He Weifang (born July 17, 1960; ) is a former professor at Peking University of China and an activist striving to reform the Chinese judicial system, who has argued that the Chinese Communist Party is an unregistered and therefore an illegal organization in China.

He earned a B.A. at Southwest University of Political Science & Law, and an LL.M at Peking College of Political Science and Law (former China University of Political Science and Law).

He was an associate professor in China University of Political Science and Law from 1985 to 1995, then become a professor and Ph.D. adviser at Peking University.

Since 1992, he has striven to reform the Chinese judicial system.  He has written many papers on the importance of modernizing China's judicial system, earning him the nickname "Justice He".  His works includes The Judicial Ideals and Institutions and The Ways to Carry Justice.

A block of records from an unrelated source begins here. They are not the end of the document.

lemma kron_skeleton_incidence_mult_nonpos:
  fixes d :: "real^'v^'e"
  assumes "is_skeleton_incidence d" and "a \<noteq> b"
  shows "kron d (mat 1 :: real^'m^'m) $ p $ a * kron d (mat 1 :: real^'m^'m) $ p $ b \<le> 0"
proof (cases "snd a = snd b")
  case True
  with assms(2) have "fst a \<noteq> fst b" by (simp add: prod_eq_iff)
  moreover obtain u w where "d$fst p$u = 1" "d$fst p$w = -1"
    "\<forall>v. v \<noteq> u \<and> v \<noteq> w \<longrightarrow> d$fst p$v = 0"
    using assms(1) unfolding is_skeleton_incidence_def by blast
  ultimately have "d$fst p$fst a * d$fst p$fst b \<le> 0"
    using signed_pair_mult_nonpos[of "\<lambda>v. d$fst p$v"] by blast
  then show ?thesis by (auto simp: kron_mat1_nth)
qed (auto simp: kron_mat1_nth)

definition diffusion_matrix ::
  "real^'v^'e \<Rightarrow> real^'v^'v \<Rightarrow> real^'e^'e \<Rightarrow> real^('e::finite \<times> 'm::finite)^('e \<times> 'm)
   \<Rightarrow> real^('v::finite \<times> 'm)^('v \<times> 'm)" where
  "diffusion_matrix d star0 star1 R = kron (matrix_inv star0) (mat 1 :: real^'m^'m) ** Delta_d d star1 R"
(* Let $G$ be a generator matrix on the discrete space $\mathcal X$, let $\theta>0$ and let $M\ge1$ be an integer such that $Q:=I+G/\theta$ and $I+G/M$ are entrywise non-negative. Let $K_n=I+\frac Gn\mathbb 1(n>M)$ for $n\ge1$. Let $\pi$ be a probability vector and $\mu$ a stationary distribution of $Q$ such that $\pi^tQ^n\to\mu^t$ entrywise. Then, with $(\mu^n)^t:=\pi^t\prod_{i=1}^nK_i$, as $n\to\infty$ both (a) $(\mu^n)^t\to\mu^t$ and (b) $(\mu^n)^tQ\to\mu^t$ hold entrywise.
   Context: A generator matrix on $\mathcal X$: $G_{i,j}\ge0$ for $i\ne j$, $G_{i,i}=-\sum_{j\ne i}G_{i,j}$, and $\sup_i|G_{i,i}|<\infty$. *)

theory Defs
  imports "HOL-Analysis.Analysis"
begin

definition mat_id :: "'a \<Rightarrow> 'a \<Rightarrow> real" where
  "mat_id i j = (if i = j then 1 else 0)"

definition vecmat :: "('a \<Rightarrow> real) \<Rightarrow> ('a \<Rightarrow> 'a \<Rightarrow> real) \<Rightarrow> 'a \<Rightarrow> real" where
  "vecmat v A = (\<lambda>j. \<Sum>\<^sub>\<infinity>i. v i * A i j)"

definition generator_matrix :: "('a \<Rightarrow> 'a \<Rightarrow> real) \<Rightarrow> bool" where
  "generator_matrix G \<longleftrightarrow>
     (\<forall>i j. i \<noteq> j \<longrightarrow> 0 \<le> G i j) \<and>
     (\<forall>i. (\<lambda>j. G i j) summable_on (UNIV - {i}) \<and>
          G i i = - (\<Sum>\<^sub>\<infinity>j\<in>UNIV - {i}. G i j)) \<and>
     (\<exists>C. \<forall>i. \<bar>G i i\<bar> \<le> C)"

definition prob_vector :: "('a \<Rightarrow> real) \<Rightarrow> bool" where
  "prob_vector p \<longleftrightarrow> (\<forall>i. 0 \<le> p i) \<and> p summable_on UNIV \<and> (\<Sum>\<^sub>\<infinity>i. p i) = 1"

definition entrywise_nonneg :: "('a \<Rightarrow> 'a \<Rightarrow> real) \<Rightarrow> bool" where
  "entrywise_nonneg A \<longleftrightarrow> (\<forall>i j. 0 \<le> A i j)"

definition Kmat :: "('a \<Rightarrow> 'a \<Rightarrow> real) \<Rightarrow> nat \<Rightarrow> nat \<Rightarrow> 'a \<Rightarrow> 'a \<Rightarrow> real" where
  "Kmat G M n = (\<lambda>i j. mat_id i j + (if n > M then G i j / real n else 0))"

primrec mu_seq :: "('a \<Rightarrow> 'a \<Rightarrow> real) \<Rightarrow> nat \<Rightarrow> ('a \<Rightarrow> real) \<Rightarrow> nat \<Rightarrow> 'a \<Rightarrow> real" where
  "mu_seq G M p 0 = p"
| "mu_seq G M p (Suc n) = vecmat (mu_seq G M p n) (Kmat G M (Suc n))"

end

theory Submission
  imports Defs
begin

text \<open>Write \<open>t m = \<theta> / m\<close> for \<open>m > M\<close> and \<open>t m = 0\<close> otherwise, so that
  \<open>K m = (1 - t m) I + t m Q\<close>. Expanding the product \<open>\<pi> K 1 \<dots> K n\<close> gives
  \<open>\<mu>\<^sup>n = \<Sum>k\<le>n. w n k \<pi> Q\<^sup>k\<close>, where \<open>w n k = mix_weight t n k\<close> is the coefficient of \<open>X\<^sup>k\<close> in
  \<open>\<Prod>m=1..n. (1 - t m + t m X)\<close>. These weights sum to 1, their absolute values have bounded
  sums because \<open>0 \<le> t m \<le> 1\<close> once \<open>m \<ge> \<theta>\<close>, and each \<open>w n k\<close> tends to 0 as \<open>n \<rightarrow> \<infinity>\<close>
  because \<open>\<Sum> t m = \<infinity>\<close>. A Toeplitz summation argument then carries \<open>\<pi> Q\<^sup>k \<rightarrow> \<mu>\<close> over
  to \<open>\<mu>\<^sup>n\<close> and to \<open>\<mu>\<^sup>n Q\<close>.\<close>

definition stochastic_matrix :: "('a \<Rightarrow> 'a \<Rightarrow> real) \<Rightarrow> bool" where
  "stochastic_matrix A \<longleftrightarrow> (\<forall>i. prob_vector (A i))"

Because of his public support and signing for Liu Xiaobo's Charter 08, He Weifang's position at Peking University became untenable and he was forced to resign. In 2008, he accepted a job offer to be the dean of the law school of Zhejiang University. However, the Chinese Communist Party forced the school to withdraw the job offer, and He was instead given a position in the remote city of Shihezi in Xinjiang. Richard McGregor, author of The Party: The Secret World of China's Communist Rulers, said that this was "a deliberately humiliating transfer, akin to a Harvard Law School professor being reassigned to a small community college in rural Texas."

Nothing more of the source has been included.